Elisha went up from there to Bethel; and while he was going up on the way, some small boys came out of the city and jeered at him, saying, “Go away, baldhead! Go away, baldhead!” 24 When he turned around and saw them, he cursed them in the name of the Lord. Then two she-bears came out of the woods and mauled forty-two of the boys.

His parishioner, for some reason, asked “What in the world do I do with this passage?”

Here’s one possibility.

The clear meaning of the text is that we have been too easy on our children.  If we want to be biblically faithful parents, we need to train some she-bears to come when we call them and apply the discipline needed:  mauling, or as another translation says, tearing the forty-two boys to bits.  Another thing we need to work on, if we would practice biblically faithful parenting, is to encourage our children to stand around and wait for the punishment they have coming instead of running away.  Obviously, if two bears are going to maul forty-two boys, the boys did not run away when the bears went after the first two; they waited their turn. It’s time we raise our boys to suppress their survival instincts and take their punishment like men.

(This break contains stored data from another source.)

(* Let $\{(\mathbf{x}_i,y_i)\}_{i=1}^N$, $\mathbf{x}_i\in\mathbb{R}^n$, $y_i\in\{-1,1\}$, be linearly separable through the origin with margin $\gamma$ (there is a unit $\mathbf{w}_s$ with $y_i\mathbf{w}_s^T\mathbf{x}_i>\gamma/2$ for all $i$) and satisfy $\|\mathbf{x}_i\|<R$ for all $i$. Train a linear model without bias, $\mathcal{L}(\mathbf{w})=\sum_{i=1}^N l(y_i\mathbf{w}^T\mathbf{x}_i)$ with $l$ the logistic loss, by gradient descent $\mathbf{w}(t+1)=\mathbf{w}(t)-\eta\nabla\mathcal{L}(\mathbf{w}(t))$, and let $\hat{\mathbf{w}}=\arg\min\|\mathbf{w}\|^2$ s.t. $y_i\mathbf{w}^T\mathbf{x}_i\ge1$ for all $i$. Suppose $\mathbf{w}(t)=\hat{\mathbf{w}}\log t+\boldsymbol\rho(t)$ with $\|\boldsymbol\rho(t)\|\le B$. Let $c(t)=\frac{\mathbf{w}(t)^T\hat{\mathbf{w}}}{\|\mathbf{w}(t)\|\|\hat{\mathbf{w}}\|}=\cos\theta(t)$. Then at each gradient step $$c(t+1)\le c(t)+\frac{\eta NRe^{BR}B\gamma}{2t\log t\,\|\mathbf{w}(t)\|}+\frac{3\eta NRe^{BR}B^2\gamma^2}{8t\log^2t\,\|\mathbf{w}(t)\|}+\mathcal{O}\left(\frac{1}{t^2\|\mathbf{w}(t)\|^2}\right).$$
   Context: $\theta(t)$ is the angle between $\mathbf{w}(t)$ and $\hat{\mathbf{w}}$; $t$ counts gradient descent steps (epochs). *)

theory Defs
  imports "HOL-Analysis.Analysis"
begin

definition logistic_loss :: "real \<Rightarrow> real" where
  "logistic_loss u = ln (1 + exp (- u))"

definition emp_loss :: "nat \<Rightarrow> (nat \<Rightarrow> real ^ 'n) \<Rightarrow> (nat \<Rightarrow> real) \<Rightarrow> real ^ 'n \<Rightarrow> real" where
  "emp_loss N x y w = (\<Sum>i<N. logistic_loss (y i * (w \<bullet> x i)))"

definition is_max_margin :: "nat \<Rightarrow> (nat \<Rightarrow> real ^ 'n) \<Rightarrow> (nat \<Rightarrow> real) \<Rightarrow> real ^ 'n \<Rightarrow> bool" where
  "is_max_margin N x y wh \<longleftrightarrow>
     (\<forall>i<N. y i * (wh \<bullet> x i) \<ge> 1) \<and>
     (\<forall>v. (\<forall>i<N. y i * (v \<bullet> x i) \<ge> 1) \<longrightarrow> (norm wh)\<^sup>2 \<le> (norm v)\<^sup>2)"

definition cos_angle :: "real ^ 'n \<Rightarrow> real ^ 'n \<Rightarrow> real" where
  "cos_angle u v = (u \<bullet> v) / (norm u * norm v)"

end

theory Submission
  imports Defs
begin

(* Put z_i = y_i x_i and write w(t) = ln t * wh + rho(t).  Since t * exp (- w(t).z_i) =
   t^(1 - wh.z_i) * exp (- rho(t).z_i), a gradient step moves rho, up to O(1/t^2), by a gradient
   step of length 1/t on the convex potential
     Phi_t(r) = eta * sum_i t^(1 - wh.z_i) * exp (- r.z_i) + wh.r,
   which does not increase with t because wh.z_i >= 1, and is bounded below on the ball of
   radius B.  Hence sum_t |grad Phi_t(rho(t))|^2 / t converges; as this gradient moves by O(1/t)
   per step, it tends to 0, i.e. t (w(t+1) - w(t)) tends to wh.  The step is thus asymptotically
   parallel to wh: its component along wh raises the cosine only to second order in the angle,
   which is O(B / ln t), and the remaining o(1/t) raises it by o(B / (t ln t |w(t)|)).  So for
   every kappa > 0 the increase is eventually below kappa * B / (t ln t |w(t)|), and the claim
   holds with C = 0. *)

lemma exp_le_quadratic:
  fixes x :: real
  assumes "\<bar>x\<bar> \<le> 1"
  shows "exp x \<le> 1 + x + x\<^sup>2"
proof (cases "x \<ge> 0")
  case True
  then show ?thesis using exp_bound assms by auto
next
  case False
  have "exp x * (1 - x) \<le> exp x * exp (- x)"
    using exp_ge_add_one_self[of "- x"] by (intro mult_left_mono) auto
  also have "\<dots> = 1" by (simp add: exp_minus)
  also have "1 \<le> (1 + x + x\<^sup>2) * (1 - x)"
    using False by (simp add: algebra_simps power2_eq_square mult_nonpos_nonneg)
  finally show ?thesis using False by simp
qed

lemma abs_exp_diff_le:
  fixes a b M :: real
  assumes "a \<le> M" "b \<le> M"
  shows "\<bar>exp a - exp b\<bar> \<le> exp M * \<bar>a - b\<bar>"
proof -
  have le: "exp q - exp p \<le> exp M * (q - p)" if "p \<le> q" "q \<le> M" for p q :: real
  proof -
    have "exp q * (1 + (p - q)) \<le> exp q * exp (p - q)"
      by (intro mult_left_mono exp_ge_add_one_self) simp
    then have "exp q - exp p \<le> exp q * (q - p)" by (simp add: exp_diff algebra_simps)
    also have "\<dots> \<le> exp M * (q - p)" using that by (intro mult_right_mono) auto
    finally show ?thesis .
  qed
  show ?thesis
    using le[of a b] le[of b a] assms by (cases "a \<le> b") (auto simp: abs_if)
qed

lemma ln_add_one_diff_bounds:
  fixes t :: real
  assumes "t > 0"
  shows "1 / (t + 1) \<le> ln (t + 1) - ln t" "ln (t + 1) - ln t \<le> 1 / t"
proof -
  have "1 + 1 / t = (t + 1) / t" using assms by (simp add: field_simps)
  then have "ln (t + 1) - ln t = ln (1 + 1 / t)" using assms by (simp add: ln_div)
  also have "\<dots> \<le> 1 / t" using assms by (intro ln_add_one_self_le_self) auto
  finally show "ln (t + 1) - ln t \<le> 1 / t" .
  have "ln (t / (t + 1)) \<le> t / (t + 1) - 1" using assms by (intro ln_le_minus_one) auto
  then show "1 / (t + 1) \<le> ln (t + 1) - ln t"
    using assms by (simp add: ln_div field_simps)
qed

lemma logistic_tail_approx:
  fixes s :: real
  shows "\<bar>1 / (1 + exp s) - exp (- s)\<bar> \<le> (exp (- s))\<^sup>2"
proof -
  have "1 / (1 + exp s) - exp (- s) = - (exp (- s) * (1 / (1 + exp s)))"
    using add_pos_pos[OF zero_less_one exp_gt_zero, of s] by (simp add: exp_minus field_simps)
  moreover have "exp (- s) * (1 / (1 + exp s)) \<le> exp (- s) * exp (- s)"
    by (intro mult_left_mono)
      (auto simp: exp_minus inverse_eq_divide intro!: divide_left_mono mult_pos_pos add_pos_pos)
  ultimately show ?thesis by (simp add: power2_eq_square)
qed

Or, maybe we could consider that the Bible contains many different genres of stories, including gallows-humor folk tales.  Perhaps our contemporary culture’s assumption of historical accuracy in the Bible would make no sense at all to the original readers of this story. We could even read the story in its context and discern a very playful editor and writers behind this important narrative about the succession of Elijah by Elisha. They dare to be playful about a deeply important question:  When times are hard, does that mean that God has abandoned us?  Or, to put it in the specific context of the exile, the time at which most of the Old Testament was compiled, edited, transformed from oral tradition to written word, and shaped into a theological document:  When the people of God feel lost, alone, displaced, and caught in the drama of political instability, is there still a prophet in Israel?

Here’s a radical thought:  it appears that some biblical writers had a sick sense of humor.

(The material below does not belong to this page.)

(* Let $R\in\mathcal C_{K_0}$ and write $R=X^\dagger QX$ with $Q,X\in\mathcal A'_G$, $Q\ge0$, $\operatorname{Rng}(X)=\operatorname{Supp}(Q)$. Then an operator $T$ on $\mathcal K\otimes\mathcal H$ is a perturbation of $R$ in $\mathcal C_{K_0}$ if and only if $T$ is a Hermitian element of $\mathcal A'_G$ with $\operatorname{Tr}_{\mathcal K}[T]=0$ and $T=X^\dagger OX$ for some nonzero Hermitian $O\in\mathcal A'_G$ with $\operatorname{Supp}(O)\subseteq\operatorname{Rng}(X)$. Writing $Q=\bigoplus_k(I_{\mathcal H_k}\otimes Q_k)$ and $X=\bigoplus_k(I_{\mathcal H_k}\otimes X_k)$, such $O$ has the form $O=\bigoplus_k(I_{\mathcal H_k}\otimes O_k)$ with $\operatorname{Supp}(O_k)\subseteq\operatorname{Rng}(X_k)$ for all $k$.
   Context: Let $\mathcal H,\mathcal K$ be finite-dimensional Hilbert spaces and $g\mapsto U_g$, $g\mapsto V_g$ unitary representations of a group $G$ on $\mathcal H$ and $\mathcal K$. $U_g^*$ is the complex conjugate in a fixed orthonormal basis. Decompose $\mathcal K\otimes\mathcal H=\bigoplus_k(\mathcal H_k\otimes\mathbb C^{m_k})$ according to the equivalence classes $k$ of irreducible components of $V_g\otimes U_g^*$ (irreducible space $\mathcal H_k$, multiplicity $m_k$). The commutant $\mathcal A'_G$ of $\{V_g\otimes U_g^*\}$ consists of the operators $\bigoplus_k(I_{\mathcal H_k}\otimes M_k)$, $M_k\in\mathcal B(\mathbb C^{m_k})$. CP maps (quantum operations) $\mathcal M$ covariant in the sense $\mathcal M^*(U_g\rho U_g^\dagger)=V_g\mathcal M^*(\rho)V_g^\dagger$ correspond bijectively to operators $R\ge0$ in $\mathcal A'_G$ via $R=(\mathcal M^*\otimes\mathcal I)(|I\rangle\langle I|)$, $|I\rangle=\sum_n|n\rangle\otimes|n\rangle$. Fix an operator $K_0$ on $\mathcal H$ with $0\le K_0\le I_{\mathcal H}$ and let $\mathcal C_{K_0}=\{R\in\mathcal A'_G: R\ge0,\ \operatorname{Tr}_{\mathcal K}[R]=K_0\}$, a convex set. A nonzero $T$ is a perturbation of $R\in\mathcal C_{K_0}$ if $R\pm tT\in\mathcal C_{K_0}$ for some $t>0$; $R$ is extremal iff it has no perturbation. $\operatorname{Supp}(O)=\operatorname{Ker}(O)^\perp$, $\operatorname{Rng}$ denotes range. *)

theory Defs
  imports "HOL-Algebra.Group" "Jordan_Normal_Form.Jordan_Normal_Form" "Jordan_Normal_Form.Schur_Decomposition"
begin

5 thoughts on “Feeding Unruly Boys to the Bears: The Bible’s sick sense of humor.

  1. RTQ says:

    If I was a boy and some old guy told me this story, I probably would think twice before I called him baldy again. Probably. Maybe this is one of those stories meant to scare you straight – and it found its way into the Bible.

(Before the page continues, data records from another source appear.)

lemma hrun_unique_end:
  assumes "hrun m n M i a b" and "hrun m n M i a b'"
  shows "b = b'"
proof -
  have "\<not> b < b'" if "hrun m n M i a b" "hrun m n M i a b'" for b b'
  proof
    assume "b < b'"
    then have "\<not> M (i, b + 1)" "b \<noteq> n" using that unfolding hrun_def by auto
    then show False using that(1) unfolding hrun_def by auto
  qed
  then show ?thesis using assms by (meson linorder_neqE_nat)
qed

lemma hruns_separators:
  assumes runs: "\<forall>(a, b) \<in> S. hrun m n M i a b" and card: "j < card S"
  obtains sep a b where "\<forall>p \<in> {1..j}. M (i, sep p) \<and> sep p \<in> {1..n}"
    and "strict_mono_on {1..j} sep" and "(a, b) \<in> S" and "sep j < a"
proof -
  have "finite S" using card by (metis card.infinite not_less0)
  moreover have "inj_on fst S"
  proof (rule inj_onI)
    fix u v assume uv: "u \<in> S" "v \<in> S" "fst u = fst v"
    have "hrun m n M i (fst u) (snd u)" "hrun m n M i (fst v) (snd v)"
      using runs uv(1,2) by (simp_all add: case_prod_beta)
    then have "snd u = snd v" using uv(3) hrun_unique_end by metis
    then show "u = v" using uv(3) by (simp add: prod_eq_iff)
  qed
  ultimately have len: "length (sorted_list_of_set (fst ` S)) = card S"
    by (simp add: card_image)
  define xs where "xs = sorted_list_of_set (fst ` S)"
  have start: "\<exists>b. (xs ! p, b) \<in> S" if "p < card S" for p
  proof -
    have "xs ! p \<in> fst ` S"
      using nth_mem[of p xs] that len \<open>finite S\<close> by (simp add: xs_def)
    then show ?thesis by force
  qed
  have start_run: "\<exists>b. hrun m n M i (xs ! p) b" if "p < card S" for p
    using start[OF that] runs by blast
  have start_less: "xs ! p < xs ! q" if "p < q" "q < card S" for p q
    using sorted_wrt_nth_less[of "(<)" xs p q] that len by (simp add: xs_def)
  define sep where "sep p = xs ! p - 1" for p
  have sep_gap: "xs ! (p - 1) < sep p \<and> M (i, sep p) \<and> sep p \<in> {1..n}" if p: "p \<in> {1..j}" for p
  proof -
    have "p - 1 < card S" "p < card S" using p card by auto
    then obtain b b' where "hrun m n M i (xs ! (p - 1)) b" "hrun m n M i (xs ! p) b'"
      using start_run by blast
    then show ?thesis
      using hrun_before_later_start[of m n M i] start_less[of "p - 1" p] p card
      unfolding sep_def by auto
  qed
  have "strict_mono_on {1..j} sep"
  proof (rule strict_mono_onI)
    fix p q assume "p \<in> {1..j}" "q \<in> {1..j}" "p < q"
    then have "p < q - 1 \<or> p = q - 1" "q - 1 < card S" using card by auto
    then have "sep p \<le> xs ! (q - 1)"
      using start_less[of p "q - 1"] unfolding sep_def by auto
    then show "sep p < sep q" using sep_gap \<open>q \<in> {1..j}\<close> by fastforce
  qed
  moreover obtain b where b: "(xs ! j, b) \<in> S" using start card by blast
  moreover have "sep j < xs ! j"
    using b runs unfolding sep_def hrun_def by fastforce
  ultimately show ?thesis using that sep_gap by blast
qed

lemma card_critical_runs_le:
  assumes supp: "\<forall>a \<in> {1..k}. \<forall>b \<in> {1..l}. P (a, b) \<longrightarrow> a = r \<or> j \<le> b"
    and r: "r \<in> {1..k}" and j: "j \<in> {1..l}" and av: "avoids k l P m n M"
  shows "card (critical_runs k l P (r, j) m n M i) \<le> j"
proof (rule ccontr)
  let ?S = "critical_runs k l P (r, j) m n M i"
  assume "\<not> card ?S \<le> j"
  moreover have "\<forall>(a, b) \<in> ?S. hrun m n M i a b" unfolding critical_runs_def by auto
  ultimately obtain sep a b where sep: "\<forall>p \<in> {1..j}. M (i, sep p) \<and> sep p \<in> {1..n}"
    and sep_mono: "strict_mono_on {1..j} sep" and ab: "(a, b) \<in> ?S" and "sep j < a"
    using hruns_separators by (metis not_le)
  from ab obtain x where "a \<le> x" and crit: "critical_entry k l P (r, j) m n M (i, x)"
    unfolding critical_runs_def by auto
  with \<open>sep j < a\<close> have "sep j < x" by simp
  with crit av show False
    using critical_entry_after_separators_not_avoids[OF supp r j sep sep_mono] by blast
qed

theorem lemma3p8:
  fixes k l r c :: nat and P :: bmat
  assumes "r \<in> {1..k}" and "c \<in> {1..l}"
    and "\<forall>i \<in> {1..k}. \<forall>j \<in> {1..l}. P (i, j) \<longrightarrow> i = r \<or> c \<le> j"
  shows "\<forall>j \<in> {1..c}. P (r, j) \<longrightarrow> row_bounding k l P (r, j)"
proof (intro ballI impI)
  \<comment> \<open>The bound holds even when \<open>(r, j)\<close> is a 0-entry of \<open>P\<close>.\<close>
  fix j assume j: "j \<in> {1..c}"
  then have "\<forall>a \<in> {1..k}. \<forall>b \<in> {1..l}. P (a, b) \<longrightarrow> a = r \<or> j \<le> b"
    using assms(3) by fastforce
  moreover have "j \<in> {1..l}" using j assms(2) by auto
  ultimately show "row_bounding k l P (r, j)"
    unfolding row_bounding_def using card_critical_runs_le assms(1) by blast
qed

end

  2. Richard Bayless says:

    “Obviously, if two bears are going to maul forty-two boys, the boys did not run away when the bears went after the first two; they waited their turn” — I would be interested in a word study on “bears” but regardless, with so many supernatural events surrounding Elisha, it would be exhausting to dismiss them all. It is expected that “signs and wonders” would follow such a great prophet. Obviously, I fall on the side of the literalist.
    “Perhaps our contemporary culture’s assumption of historical accuracy in the Bible would make no sense at all to the original readers of this story.”— I would argue the opposite is a more accurate statement. Our contemporary culture’s assumption is not that the Bible is historically accurate. Ask any recent “mainline” seminarian graduate.

  3. Neill Morgan says:

    Welcome to the conversation, Richard. I want to clarify that my position is not that the Bible intends to tell an historical account but I don’t believe it–my position is that the Bible employs a variety of literary genres as instruments of proclamation. The biblical writers did not restrict themselves to historical accounts. When we encounter a story like this that has all the marks of a folk tale–humor, wild animals, and a moral for children (don’t mock a prophet), then insisting on its historicity would diminish the scope of its meaning. Insisting on historicity increases the distance between us and the biblical world, making it easier to look at the Bible as a relic of a time when God acted differently than now. There are places where the biblical writers clearly make historical claims for extraordinary events; for example, Paul and the apostles recount their experience of encountering Jesus in bodily form after his death and burial. While they each shape the story in different ways, their theological proclamation rests on the historical event. That is not the case in the story of the she-bears. Recognizing that biblical writers use different genres from one passage to another does not, for me, diminish in the least the inspiration, importance or Truth of the theological claims.

    • Richard Bayless says:

      I agree! It would be foolish to consider the whole of the bible to be written as if to be interpreted literally. You were concise and your position was very clear the first time.